__Exercise__
Each line from the start of the entries through the line that contains "factors are at most \<open>M\<close>" should be output exactly, please.

***** Material to process *****

text \<open>Chebyshev's argument: otherwise \<open>2m choose m \<ge> 2 ^ m\<close> with \<open>m = M\<^sup>2\<close>, all of whose prime
  factors are at most \<open>M\<close> and whose prime power factors are at most \<open>2m\<close>, would be at most
  \<open>(2m) ^ M\<close>.\<close>
lemma exists_prime_between_square:
  fixes M :: nat
  assumes M: "7 \<le> M"
  shows "\<exists>p. prime p \<and> M < p \<and> p \<le> 2 * M ^ 2"
proof (rule ccontr)
  assume no_prime: "\<nexists>p. prime p \<and> M < p \<and> p \<le> 2 * M ^ 2"
  define m where "m = M ^ 2"
  define C where "C = 2 * m choose m"
  have m: "0 < m"
    using M by (simp add: m_def)
  have "prime_factors C \<subseteq> {2..M}"
  proof
    fix q assume q: "q \<in> prime_factors C"
    have "C dvd fact (2 * m)"
      using binomial_fact_lemma[of m "2 * m"] unfolding C_def
      by (metis dvd_triv_right le_add2 mult_2)
    then have "q \<le> 2 * m"
      using q by (metis in_prime_factors_iff dvd_trans prime_dvd_fact_iff)
    moreover have "prime q"
      using q by auto
    ultimately have "q \<le> M"
      using no_prime unfolding m_def by (meson not_le)
    then show "q \<in> {2..M}"
      using \<open>prime q\<close> prime_ge_2_nat by simp
  qed
  then have "card (prime_factors C) \<le> card {2..M}"
    by (intro card_mono) auto
  then have card_factors: "card (prime_factors C) \<le> M"
    by simp
  have "C = (\<Prod>q\<in>prime_factors C. q ^ multiplicity q C)"
    by (simp add: C_def prod_prime_factors)
  also have "\<dots> \<le> (\<Prod>q\<in>prime_factors C. 2 * m)"
    using m by (intro prod_mono) (auto simp: C_def prime_power_multiplicity_central_binomial_le
        in_prime_factors_imp_prime)
  also have "\<dots> \<le> (2 * m) ^ M"
    unfolding prod_constant using card_factors m by (intro power_increasing) auto
  also have "\<dots> < (2 ^ M) ^ M"
    using double_square_less_power_two[OF M] M unfolding m_def by (intro power_strict_mono) auto
  also have "\<dots> = 2 ^ m"
    by (simp add: m_def power2_eq_square power_mult)
  finally have "C < 2 ^ m" .
  moreover have "(2::real) ^ m \<le> real C"
    using binomial_ge_n_over_k_pow_k[of m "2 * m", where 'a = real] m by (simp add: C_def)
  ultimately show False
    by (metis of_nat_le_iff of_nat_numeral of_nat_power not_le)
qed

*****

__Answer below__
text \<open>Chebyshev's argument: otherwise \<open>2m choose m \<ge> 2 ^ m\<close> with \<open>m = M\<^sup>2\<close>, all of whose prime
  factors are at most \<open>M\<close> and whose prime power factors are at most \<open>2m\<close>, would be at most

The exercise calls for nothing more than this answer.